Задание было выполнено, и мы взяли курс на северо-восток, в направлении своего аэродрома. Не долетая шести восьми километров до железной дороги Ставрополь ст. Кавказская, заметили рассредоточенное движение конницы с артиллерией численностью около тысячи всадников. Войска двигались в северном направлении. Пролетая над полотном железной дороги, отчетливо видели цепь стрелков, занимавших позицию по северному скату насыпи, лицом на юг. Невдалеке от этой цепи в овражках были видны группы укрытых там коней. Перед нами находилась советская конница, а конные части, замеченные до этого в движении на север, были белыми.
Следовало срочно предупредить о сложившейся [153] обстановке наше командование, и мы поторопились домой. Через несколько минут полета примерно в десяти километрах севернее железной дороги мы увидели еще до полка советской конницы, которая двигалась на юг. Василенко решил сесть и сообщить сведения о противнике лично командиру полка. С этой целью он начал снижаться. Вначале меня удивило, что Василенко, планируя, размахивал руками, стремясь привлечь внимание конников. Потом я вспомнил, что на темно-зеленой окраске фюзеляжа и крыльев опознавательные красные звезды были заметны довольно плохо. Это и заставило Василенко, снижаясь над конниками, приветственно размахивать рукой. Я последовал его примеру. Однако конники иначе поняли наше приветствие. С приближением самолета они бросились с дороги врассыпную.
Выбрав подходящую площадку, Василенко пошел на посадку. При пробеге одно колесо на что-то наскочило, камера лопнула.
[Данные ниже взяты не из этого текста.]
(* Let $G$ be a connected graph with vertex set $V(G)=\{u_1,\dots,u_n\}$, $n\ge 2$, let $U_1,\dots,U_k$ be the non-singleton true twin equivalence classes of $G$, and let $\mathcal{H}=\{H_1,\dots,H_n\}$ be a family of graphs. Then $$\dim_l(G\circ\mathcal{H})=\sum_{i=1}^{n}\operatorname{adim}_l(H_i)+\sum_{j:\,I\cap U_j\ne\emptyset}\big(|I\cap U_j|-1\big)+\varrho(G,\mathcal{H}).$$
   Context: All graphs are finite and simple with at least one vertex. $d_G$ is the shortest-path distance ($d_G(x,y)=+\infty$ if $x,y$ lie in different components), and $d_{G,2}(x,y)=\min\{d_G(x,y),2\}$. A vertex $s$ distinguishes $x,y$ (with respect to a distance $d$) if $d(s,x)\ne d(s,y)$. For a connected graph $G$, a set $S\subseteq V(G)$ is a local metric generator if every two adjacent vertices of $G$ are distinguished w.r.t. $d_G$ by some vertex of $S$; $\dim_l(G)$ is the minimum size of such a set. A set $S\subseteq V(H)$ is a local adjacency generator of a graph $H$ if every two adjacent vertices of $H$ are distinguished w.r.t. $d_{H,2}$ by some vertex of $S$ (equivalently, for any adjacent $x,y\notin S$ some $s\in S$ is adjacent to exactly one of them); $\operatorname{adim}_l(H)$ is the minimum size of such a set, and a minimum one is a local adjacency basis. $\Phi$ denotes the class of empty (edgeless) graphs. $\mathcal{G}$ denotes the class of graphs $H$ such that for every local adjacency basis $B$ of $H$ there is $v\in V(H)$ with $B\subseteq N_H(v)$ (open neighbourhood). Vertices $x,y$ are true twins if $N[x]=N[y]$; this is an equivalence relation. The lexicographic product $G\circ\mathcal{H}$ has vertex set $\bigcup_i \{u_i\}\times V(H_i)$, with $(u_i,v)\sim(u_j,w)$ iff $u_iu_j\in E(G)$, or $i=j$ and $vw\in E(H_i)$. Notation: $T(G)=\bigcup_{j}U_j$; $V_E=\{u_i\in V(G)-T(G): H_i\in\Phi\}$; $I=\{u_i\in V(G): H_i\in\mathcal{G}\}$; for each $j$ with $I\cap U_j\neq\emptyset$ choose (arbitrarily) one vertex of $I\cap U_j$ and let $I'_j$ be the set of the remaining vertices of $I\cap U_j$ ($I'_j=\emptyset$ otherwise); $X_E=I-\bigcup_j I'_j$. Two vertices $u_i,u_j\in X_E$ satisfy relation $\mathcal{R}$ iff $u_i\sim u_j$ and $d_G(u,u_i)=d_G(u,u_j)$ for all $u\in V(G)-(V_E\cup\{u_i,u_j\})$. $\varrho(G,\mathcal{H})$ is the minimum of $|A|$ over sets $A\subseteq X_E$ such that every pair $u_i,u_j\in X_E$ satisfying $\mathcal{R}$ is distinguished (w.r.t. $d_G$) by some vertex of $A$. *)

theory Defs
  imports "HOL-Library.Extended_Nat"
begin

definition graph :: "'a set \<Rightarrow> ('a \<Rightarrow> 'a \<Rightarrow> bool) \<Rightarrow> bool" where
  "graph V E \<longleftrightarrow> finite V \<and> V \<noteq> {} \<and> (\<forall>x y. E x y \<longrightarrow> x \<in> V \<and> y \<in> V)
     \<and> (\<forall>x y. E x y \<longrightarrow> E y x) \<and> (\<forall>x. \<not> E x x)"

definition dist :: "('a \<Rightarrow> 'a \<Rightarrow> bool) \<Rightarrow> 'a \<Rightarrow> 'a \<Rightarrow> enat" where
  "dist E x y = (INF k \<in> {k. (E ^^ k) x y}. enat k)"

definition dist2 :: "('a \<Rightarrow> 'a \<Rightarrow> bool) \<Rightarrow> 'a \<Rightarrow> 'a \<Rightarrow> enat" where
  "dist2 E x y = min (dist E x y) 2"

definition connected_graph :: "'a set \<Rightarrow> ('a \<Rightarrow> 'a \<Rightarrow> bool) \<Rightarrow> bool" where
  "connected_graph V E \<longleftrightarrow> graph V E \<and> (\<forall>x\<in>V. \<forall>y\<in>V. dist E x y \<noteq> \<infinity>)"

definition local_metric_generator :: "'a set \<Rightarrow> ('a \<Rightarrow> 'a \<Rightarrow> bool) \<Rightarrow> 'a set \<Rightarrow> bool" where
  "local_metric_generator V E S \<longleftrightarrow> S \<subseteq> V \<and>
     (\<forall>x y. E x y \<longrightarrow> (\<exists>s\<in>S. dist E s x \<noteq> dist E s y))"

definition local_metric_dim :: "'a set \<Rightarrow> ('a \<Rightarrow> 'a \<Rightarrow> bool) \<Rightarrow> nat" where
  "local_metric_dim V E = Min {card S | S. local_metric_generator V E S}"

definition local_adj_generator :: "'a set \<Rightarrow> ('a \<Rightarrow> 'a \<Rightarrow> bool) \<Rightarrow> 'a set \<Rightarrow> bool" where
  "local_adj_generator V E S \<longleftrightarrow> S \<subseteq> V \<and>
     (\<forall>x y. E x y \<longrightarrow> (\<exists>s\<in>S. dist2 E s x \<noteq> dist2 E s y))"

definition local_adj_dim :: "'a set \<Rightarrow> ('a \<Rightarrow> 'a \<Rightarrow> bool) \<Rightarrow> nat" where
  "local_adj_dim V E = Min {card S | S. local_adj_generator V E S}"

definition local_adj_basis :: "'a set \<Rightarrow> ('a \<Rightarrow> 'a \<Rightarrow> bool) \<Rightarrow> 'a set \<Rightarrow> bool" where
  "local_adj_basis V E B \<longleftrightarrow> local_adj_generator V E B \<and> card B = local_adj_dim V E"

definition open_nbhd :: "('a \<Rightarrow> 'a \<Rightarrow> bool) \<Rightarrow> 'a \<Rightarrow> 'a set" where
  "open_nbhd E v = {w. E v w}"

definition closed_nbhd :: "('a \<Rightarrow> 'a \<Rightarrow> bool) \<Rightarrow> 'a \<Rightarrow> 'a set" where
  "closed_nbhd E v = insert v (open_nbhd E v)"

definition empty_graph :: "'a set \<Rightarrow> ('a \<Rightarrow> 'a \<Rightarrow> bool) \<Rightarrow> bool" where
  "empty_graph V E \<longleftrightarrow> (\<forall>x y. \<not> E x y)"

definition class_G :: "'a set \<Rightarrow> ('a \<Rightarrow> 'a \<Rightarrow> bool) \<Rightarrow> bool" where
  "class_G V E \<longleftrightarrow> (\<forall>B. local_adj_basis V E B \<longrightarrow> (\<exists>v\<in>V. B \<subseteq> open_nbhd E v))"

definition twin_class :: "'a set \<Rightarrow> ('a \<Rightarrow> 'a \<Rightarrow> bool) \<Rightarrow> 'a \<Rightarrow> 'a set" where
  "twin_class V E x = {y\<in>V. closed_nbhd E y = closed_nbhd E x}"

definition twin_classes_nonsingleton :: "'a set \<Rightarrow> ('a \<Rightarrow> 'a \<Rightarrow> bool) \<Rightarrow> 'a set set" where
  "twin_classes_nonsingleton V E = {twin_class V E x | x. x \<in> V \<and> card (twin_class V E x) \<ge> 2}"

definition T_set :: "'a set \<Rightarrow> ('a \<Rightarrow> 'a \<Rightarrow> bool) \<Rightarrow> 'a set" where
  "T_set V E = \<Union> (twin_classes_nonsingleton V E)"

definition lex_V :: "'a set \<Rightarrow> ('a \<Rightarrow> 'b set) \<Rightarrow> ('a \<times> 'b) set" where
  "lex_V V HV = {(u, v). u \<in> V \<and> v \<in> HV u}"

definition lex_E :: "'a set \<Rightarrow> ('a \<Rightarrow> 'a \<Rightarrow> bool) \<Rightarrow> ('a \<Rightarrow> 'b set) \<Rightarrow> ('a \<Rightarrow> 'b \<Rightarrow> 'b \<Rightarrow> bool)
    \<Rightarrow> ('a \<times> 'b) \<Rightarrow> ('a \<times> 'b) \<Rightarrow> bool" where
  "lex_E V E HV HE p q \<longleftrightarrow> p \<in> lex_V V HV \<and> q \<in> lex_V V HV \<and>
     (E (fst p) (fst q) \<or> (fst p = fst q \<and> HE (fst p) (snd p) (snd q)))"

definition V_E_set :: "'a set \<Rightarrow> ('a \<Rightarrow> 'a \<Rightarrow> bool) \<Rightarrow> ('a \<Rightarrow> 'b set) \<Rightarrow> ('a \<Rightarrow> 'b \<Rightarrow> 'b \<Rightarrow> bool) \<Rightarrow> 'a set" where
  "V_E_set V E HV HE = {u \<in> V - T_set V E. empty_graph (HV u) (HE u)}"

definition I_set :: "'a set \<Rightarrow> ('a \<Rightarrow> 'b set) \<Rightarrow> ('a \<Rightarrow> 'b \<Rightarrow> 'b \<Rightarrow> bool) \<Rightarrow> 'a set" where
  "I_set V HV HE = {u \<in> V. class_G (HV u) (HE u)}"

text \<open>rep U is the chosen vertex of I \<inter> U (for non-singleton classes U meeting I);
I'_j = (I \<inter> U_j) - {rep U_j}; X_E = I minus all I'_j.\<close>
definition X_E_set :: "'a set \<Rightarrow> ('a \<Rightarrow> 'a \<Rightarrow> bool) \<Rightarrow> ('a \<Rightarrow> 'b set) \<Rightarrow> ('a \<Rightarrow> 'b \<Rightarrow> 'b \<Rightarrow> bool)
    \<Rightarrow> ('a set \<Rightarrow> 'a) \<Rightarrow> 'a set" where
  "X_E_set V E HV HE rep = I_set V HV HE -
     (\<Union>U\<in>twin_classes_nonsingleton V E. (I_set V HV HE \<inter> U) - {rep U})"

definition rel_R :: "'a set \<Rightarrow> ('a \<Rightarrow> 'a \<Rightarrow> bool) \<Rightarrow> ('a \<Rightarrow> 'b set) \<Rightarrow> ('a \<Rightarrow> 'b \<Rightarrow> 'b \<Rightarrow> bool)
    \<Rightarrow> ('a set \<Rightarrow> 'a) \<Rightarrow> 'a \<Rightarrow> 'a \<Rightarrow> bool" where
  "rel_R V E HV HE rep x y \<longleftrightarrow> x \<in> X_E_set V E HV HE rep \<and> y \<in> X_E_set V E HV HE rep \<and> E x y \<and>
     (\<forall>u \<in> V - (V_E_set V E HV HE \<union> {x, y}). dist E u x = dist E u y)"
lemma facets_of_halfspace_intersection:
  fixes I :: "('a::euclidean_space \<times> real) set"
  assumes "finite I"
    and S_eq: "S = {x. \<forall>(c, r)\<in>I. c \<bullet> x \<le> r}"
    and full: "affine hull S = UNIV"
    and nonzero: "\<And>c r. (c, r) \<in> I \<Longrightarrow> c \<noteq> 0"
    and tight: "\<And>c r. (c, r) \<in> I \<Longrightarrow> \<exists>z. c \<bullet> z = r \<and> (\<forall>(c', r')\<in>I - {(c, r)}. c' \<bullet> z < r')"
  shows "{F. F facet_of S} = (\<lambda>(c, r). S \<inter> {x. c \<bullet> x = r}) ` I"
    and "inj_on (\<lambda>(c, r). S \<inter> {x. c \<bullet> x = r}) I"
proof -
  have "\<exists>w. r < c \<bullet> w \<and> (\<forall>(c', r')\<in>I - {(c, r)}. c' \<bullet> w \<le> r')" if cr: "(c, r) \<in> I" for c r
  proof -
    obtain z where "c \<bullet> z = r" "\<forall>(c', r')\<in>I - {(c, r)}. c' \<bullet> z < r'"
      using tight[OF cr] by blast
    then obtain w where "r < c \<bullet> w" "\<forall>(c', r')\<in>I - {(c, r)}. c' \<bullet> w < r'"
      using exists_beyond_hyperplane[of "I - {(c, r)}" c] \<open>finite I\<close> nonzero[OF cr] by blast
    then show ?thesis
      by (auto intro!: exI[of _ w] less_imp_le)
  qed
  then show "{F. F facet_of S} = (\<lambda>(c, r). S \<inter> {x. c \<bullet> x = r}) ` I"
    using facet_of_halfspace_intersection_iff[OF assms(1-4)] by auto
  show "inj_on (\<lambda>(c, r). S \<inter> {x. c \<bullet> x = r}) I"
  proof (rule inj_onI, rule ccontr)
    fix p q assume pq: "p \<in> I" "q \<in> I" "p \<noteq> q"
      and eq: "(\<lambda>(c, r). S \<inter> {x. c \<bullet> x = r}) p = (\<lambda>(c, r). S \<inter> {x. c \<bullet> x = r}) q"
    obtain z where z: "fst p \<bullet> z = snd p" "\<forall>(c', r')\<in>I - {p}. c' \<bullet> z < r'"
      using tight[of "fst p" "snd p"] pq(1) by auto
    have "z \<in> S"
      unfolding S_eq
    proof safe
      fix c r assume "(c, r) \<in> I"
      then show "c \<bullet> z \<le> r"
        using z(1) bspec[OF z(2), of "(c, r)"] by (cases "(c, r) = p") auto
    qed
    then have "fst q \<bullet> z = snd q"
      using eq z(1) by (auto simp: case_prod_beta)
    moreover have "fst q \<bullet> z < snd q"
      using bspec[OF z(2), of q] pq by (simp add: case_prod_beta)
    ultimately show False
      by simp
  qed
qed

lemma convex_halfspace_intersection: "convex {x. \<forall>(c, r)\<in>I. c \<bullet> x \<le> r}"
proof -
  have "{x. \<forall>(c, r)\<in>I. c \<bullet> x \<le> r} = (\<Inter>(c, r)\<in>I. {x. c \<bullet> x \<le> r})"
    by auto
  then show ?thesis
    by (simp add: convex_INT convex_halfspace_le case_prod_beta)
qed

definition block1_sum :: "real ^ ('a::finite + 'b::finite) \<Rightarrow> real" where
  "block1_sum y = (\<Sum>a\<in>UNIV. y $ Inl a)"

definition block2_sum :: "real ^ ('a::finite + 'b::finite) \<Rightarrow> real" where
  "block2_sum y = (\<Sum>b\<in>UNIV. y $ Inr b)"

definition join_blocks :: "('a \<Rightarrow> real) \<Rightarrow> ('b \<Rightarrow> real) \<Rightarrow> real ^ ('a::finite + 'b::finite)" where
  "join_blocks f g = (\<chi> k. case k of Inl a \<Rightarrow> f a | Inr b \<Rightarrow> g b)"

definition blockvec_real :: "'a \<Rightarrow> real \<Rightarrow> 'b \<Rightarrow> real \<Rightarrow> real ^ ('a::finite + 'b::finite)" where
  "blockvec_real \<kappa> p l q = join_blocks (\<lambda>a. if a = \<kappa> then p else 0) (\<lambda>b. if b = l then q else 0)"

lemma join_blocks_nth [simp]:
  "join_blocks f g $ Inl a = f a" "join_blocks f g $ Inr b = g b"
  by (simp_all add: join_blocks_def)

lemma block_sums_join_blocks [simp]:
  "block1_sum (join_blocks f g) = sum f UNIV" "block2_sum (join_blocks f g) = sum g UNIV"
  by (simp_all add: block1_sum_def block2_sum_def)

lemma sum_UNIV_Plus:
  "(\<Sum>k\<in>(UNIV :: ('a::finite + 'b::finite) set). h k) = (\<Sum>a\<in>UNIV. h (Inl a)) + (\<Sum>b\<in>UNIV. h (Inr b))"
  by (subst UNIV_Plus_UNIV[symmetric], subst sum.Plus) auto

lemma inner_one1: "one1 \<bullet> y = block1_sum y"
  by (simp add: inner_vec_def one1_def block1_sum_def sum_UNIV_Plus)

lemma inner_one2: "one2 \<bullet> y = block2_sum y"
  by (simp add: inner_vec_def one2_def block2_sum_def sum_UNIV_Plus)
Это было очень неприятно, так как с порванной камерой мы взлететь уже не могли, а запасной у нас не было.
Едва мы успели вылезти из самолета и, досадуя на случившееся, начали рассматривать неисправное колесо, как увидели, что к нам с разных сторон с весьма недружелюбными намерениями несутся конники. Не успели мы понять, что это значит, как были вплотную окружены и в следующее мгновенье оказались схваченными и прижатыми к лошадям.
Попались, гады! Ну, теперь не уйдете, с этими и еще более крепкими словами нас поволокли от самолета к дороге. Обозленный, [154] подталкиваемый в шею конвоиром, я грубо выругался и закричал:
Кто вы?
Мы красные конники, с добавлением хлесткого ругательства ответили наши конвоиры. Услышав это, Василенко разразился такой бранью и так грозно потребовал сказать, кто здесь старший, что один из конников не менее зло ответил:
Я командир эскадрона, что тебе, поганая душа, надо?
Тут к нам подскакала новая группа всадников. Впереди на вороном коне сидел статный военный в черной папахе, лихо надвинутой набекрень. Это был, видимо, главный. Командир эскадрона, взявший нас в плен, доложил:
Товарищ командир полка, захватили двух беляков, сшибленных нашим огнем.
Я и Василенко тотчас же заявили командиру полка, кто мы и почему сели. Как полагается, у нас проверили документы, задали ряд вопросов: попросили назвать пункты, где стоял авиационный отряд, сказать, когда он перебазировался, назвать фамилии руководящего состава 11-й армии... Нас тщательно обыскали. На самолете обнаружили нарисованные пятиконечные красные звезды. Убедившись в том, что мы советские летчики, конники были явно смущены и начали оправдываться: «Ведь вы летели со стороны белых, различить опознавательные знаки невозможно. Но самое главное, когда мы начали вас обстреливать из винтовок, самолет тут же пошел на посадку. Что же мы могли подумать, кроме того, что сбили вас?». [155]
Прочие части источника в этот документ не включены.